L’ouvrage qui paraît en 2009 intéressera les enseignants du secondaire qui ont à enseigner cette question de géographie (Seconde, Sixième). Ils pourront lire avec profit ce livre pour remettre à jour leurs cours pour la prochaine rentrée scolaire. A l’image de l’exposition conçue pour la Villette en 2005, cet atlas témoigne du savoir-faire pédagogique de son auteur. Les bulles qui ponctuent les pages de l’ouvrage mettent en avant des chiffres clés. On apprend ainsi que la croissance par jour de la population mondiale équivaut à 210 000 personnes, soit la population d’une ville comme Saint Etienne. Le texte de l’ouvrage est simple, à la portée d’élèves de lycée. Les commentaires des documents sont exhaustifs. Ils constituent une véritable plus-value par rapport aux autres atlas Autrement ou, très souvent, un important corpus est proposé sans que chaque document ne soit toujours commenté dans le détail.

Cette qualité peut être considérée comme un défaut pour qui maîtrise l’analyse de documents démographiques et aimerait aller au-delà. Malgré tout, ce lecteur trouvera des pages problématisées (par exemple : la sélection du sexe : mode passagère ou phénomène durable ?). L’évolution de la discipline est abordée aussi. Ainsi, Gilles Pinson montre que la malnutrition, contrairement à ce qui a prévalu pendant longtemps, n’est plus considérée comme la cause de la mortalité infantile mais désormais comme une conséquence d’infections occasionnant des retards de croissance et des pertes de poids.

La confiance dont témoigne Gilles Pinson, à propos des chiffres de l’ONU, comme des projections démographiques sur 50 ans, peut toutefois surprendre quand on connaît les erreurs d’interprétation que l’on a pu faire dans le passé (cf. Alfred Sauvy). Son analyse est toutefois plus nuancée à propos de projections plus lointaines dans le temps. D’après lui, le modèle de la transition démographique n’est plus valable au-delà. Les incertitudes sur la fécondité sont trop importantes. On ne peut pas affirmer qu’elle va continuer à baisser à l’échelle mondiale. Il estime qu’elle peut très bien reprendre et dépasser deux enfants par femme. Dans ce cas, on peut craindre la surpopulation alors que dans le cas d’une baisse continue de la fécondité, c’est le vieillissement qui se profile. Dans tous les cas, l’avenir de l’humanité doit nous alerter sur la question du nombre d’hommes que la terre peut supporter si nous continuons de vivre de la sorte. La question démographique est très proche de celle du développement durable.

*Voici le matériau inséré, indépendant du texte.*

lemma stretch_snoc_lift:
  assumes "locally_strict F" "length s \<in> range \<alpha>"
  shows "stretch \<alpha> F (s @ [c]) = F (anchor \<alpha> s @ [code \<alpha> s c])"
  using stretch_code_id[OF assms(1), of \<alpha> "s @ [c]"] assms(2) by (simp add: anchor_snoc code_snoc)

lemma stretch_snoc_split:
  assumes "length s \<notin> range \<alpha>"
  shows "stretch \<alpha> F (s @ [c]) = (\<Union>a\<in>code \<alpha> s ` range (\<lambda>t. prod_encode (c, t)). F (anchor \<alpha> s @ [a]))"
  using assms unfolding stretch_def by (simp add: anchor_snoc code_snoc image_comp)

lemma UN_prod_encode_fibres: "(\<Union>c. range (\<lambda>t. prod_encode (c, t))) = UNIV"
proof -
  have "u \<in> range (\<lambda>t. prod_encode (fst (prod_decode u), t))" for u
    by (rule range_eqI[of _ _ "snd (prod_decode u)"]) simp
  then show ?thesis by blast
qed

lemma locally_strict_stretch:
  assumes "locally_strict F" shows "locally_strict (stretch \<alpha> F)"
  unfolding locally_strict_iff
proof (intro allI conjI impI)
  fix s a b :: "nat list"
  let ?x = "anchor \<alpha> s" and ?e = "code \<alpha> s" and ?R = "\<lambda>c. range (\<lambda>t. prod_encode (c, t))"
  show "stretch \<alpha> F s = (\<Union>c. stretch \<alpha> F (s @ [c]))"
  proof (cases "length s \<in> range \<alpha>")
    case True
    show ?thesis unfolding stretch_snoc_lift[OF assms True] by (simp add: stretch_def image_image)
  next
    case False
    have "(\<Union>c. \<Union>a\<in>?e ` ?R c. F (?x @ [a])) = (\<Union>a\<in>?e ` (\<Union>c. ?R c). F (?x @ [a]))"
      by blast
    then show ?thesis
      unfolding stretch_snoc_split[OF False] by (simp add: UN_prod_encode_fibres stretch_def)
  qed
  fix a b :: nat assume "a \<noteq> b"
  then have "?e a \<noteq> ?e b" using inj_code by (metis injD)
  show "stretch \<alpha> F (s @ [a]) \<inter> stretch \<alpha> F (s @ [b]) = {}"
  proof (cases "length s \<in> range \<alpha>")
    case True
    show ?thesis
      unfolding stretch_snoc_lift[OF assms True] by (rule locally_strict_disjoint[OF assms \<open>?e a \<noteq> ?e b\<close>])
  next
    case False
    have "?e ` ?R a \<inter> ?e ` ?R b = {}"
      using \<open>a \<noteq> b\<close> inj_code[of \<alpha> s] by (auto simp: inj_eq prod_encode_eq)
    then show ?thesis
      unfolding stretch_snoc_split[OF False] by (rule locally_strict_UN_disjoint[OF assms])
  qed
qed

lemma open_foliage_stretch: "open_foliage X F \<Longrightarrow> open_foliage X (stretch \<alpha> F)"
  unfolding open_foliage_def stretch_def by (intro allI openin_Union) auto

lemma strict_branches_stretch:
  fixes \<alpha> :: "nat \<Rightarrow> nat"
  assumes ls: "locally_strict F" and sb: "strict_branches F" and "strict_mono \<alpha>"
  shows "strict_branches (stretch \<alpha> F)"
  unfolding strict_branches_def
proof (intro allI impI)
  fix B assume "is_branch B"
  then obtain f where B: "B = range (\<lambda>m. map f [0..<m])" unfolding is_branch_iff_range_map by blast
  \<comment> \<open>just below a lifting level the enumeration is reset, so there the stretched leaf is a leaf of \<open>F\<close>\<close>
  define lvl where "lvl m = (case m of 0 \<Rightarrow> 0 | Suc k \<Rightarrow> Suc (\<alpha> k))" for m
  define z where "z m = anchor \<alpha> (map f [0..<lvl m])" for m
  have snoc: "map f [0..<Suc (\<alpha> k)] = map f [0..<\<alpha> k] @ [f (\<alpha> k)]" for k by simp
  have code_id: "code \<alpha> (map f [0..<lvl m]) = id" for m
    by (cases m) (simp_all only: lvl_def nat.case snoc code_snoc, simp_all)
  have stretch_z: "stretch \<alpha> F (map f [0..<lvl m]) = F (z m)" for m
    unfolding z_def by (rule stretch_code_id[OF ls code_id])
  have len_z: "length (z m) = m" for m
    using length_anchor_lift_level[OF assms(3), of "map f [0..<\<alpha> k]" k for k]
    by (cases m) (simp_all add: z_def lvl_def snoc anchor_snoc)
  have "lvl m \<le> lvl (Suc m)" for m
    using strict_mono_less_eq[OF assms(3)] by (cases m) (simp_all add: lvl_def)
  then have "prefix (z m) (z (Suc m))" for m unfolding z_def by (intro prefix_anchor prefix_map_upt)
  then have "z m = map (\<lambda>i. z (Suc i) ! i) [0..<m]" for m by (rule prefix_chain_eq_map[OF len_z])
  then have z_eq: "z = (\<lambda>m. map (\<lambda>i. z (Suc i) ! i) [0..<m])" by (rule ext)
  have "is_branch (range z)" by (subst z_eq) (rule is_branch_range_map)
  then have "\<exists>p. (\<Inter>x\<in>range z. F x) = {p}" using sb unfolding strict_branches_def by blast
  then obtain p where p: "(\<Inter>x\<in>range z. F x) = {p}" ..
  have "(\<Inter>x\<in>B. stretch \<alpha> F x) = (\<Inter>x\<in>range z. F x)"
  proof (rule antisym)
    have "(\<Inter>x\<in>B. stretch \<alpha> F x) \<subseteq> stretch \<alpha> F (map f [0..<lvl m])" for m
      unfolding B by blast
    then show "(\<Inter>x\<in>B. stretch \<alpha> F x) \<subseteq> (\<Inter>x\<in>range z. F x)"
      unfolding stretch_z by blast
    have "m \<le> lvl m" for m
      using strict_mono_imp_increasing[OF assms(3)] by (cases m) (simp_all add: lvl_def)
    then have "F (z m) \<subseteq> stretch \<alpha> F (map f [0..<m])" for m
      unfolding stretch_z[symmetric]
      by (intro locally_strict_prefix_subset[OF locally_strict_stretch[OF ls]] prefix_map_upt)
    then show "(\<Inter>x\<in>range z. F x) \<subseteq> (\<Inter>x\<in>B. stretch \<alpha> F x)" unfolding B by blast
  qed
  then show "\<exists>p. (\<Inter>x\<in>B. stretch \<alpha> F x) = {p}" using p by (intro exI[of _ p]) simp
qed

Les pages consacrées au vieillissement permettent au lecteur de bien prendre la mesure de celui-ci en comparant différentes pyramides des âges. A l’échéance de 2050, les bases des pyramides se rétrécissent, y compris celle du Nigéria. Les documents portant sur l’âge médian permettent de rendre compte de ce vieillissement aussi. La France apparaît comme un pays connaissant un vieillissement particulièrement lent puisque sa population de 65 ans et plus a mis 114 ans pour passer de 7% à 14% dans la population totale alors que la Chine a subi la même évolution en 25 ans, seulement (la politique de l’enfant unique aidant).

On trouvera aussi dans cet atlas des documents que l’on ne trouve pas dans les autres manuels telle la carte rendant compte de la répartition des personnes ayant dépassé l’âge de 115 ans ou bien encore la pyramide des âges des immigrés (en forme de losange, en raison du faible nombre d’enfants et de personnes âgées) par pays de naissance. De même, la comparaison de la situation démographique de l’Union Européenne avec celle des Etats-Unis s’avère bien utile. Ces deux espaces régionaux ne présentent pas le même profil de pyramides des âges puisque les Etats-Unis affichent une forte fécondité.

Au final, ce dernier né des Atlas Autrement doit avoir toute sa place dans les bibliothèques des CDI des établissements scolaires et celle des professeurs pour toutes les raisons exposées plus haut.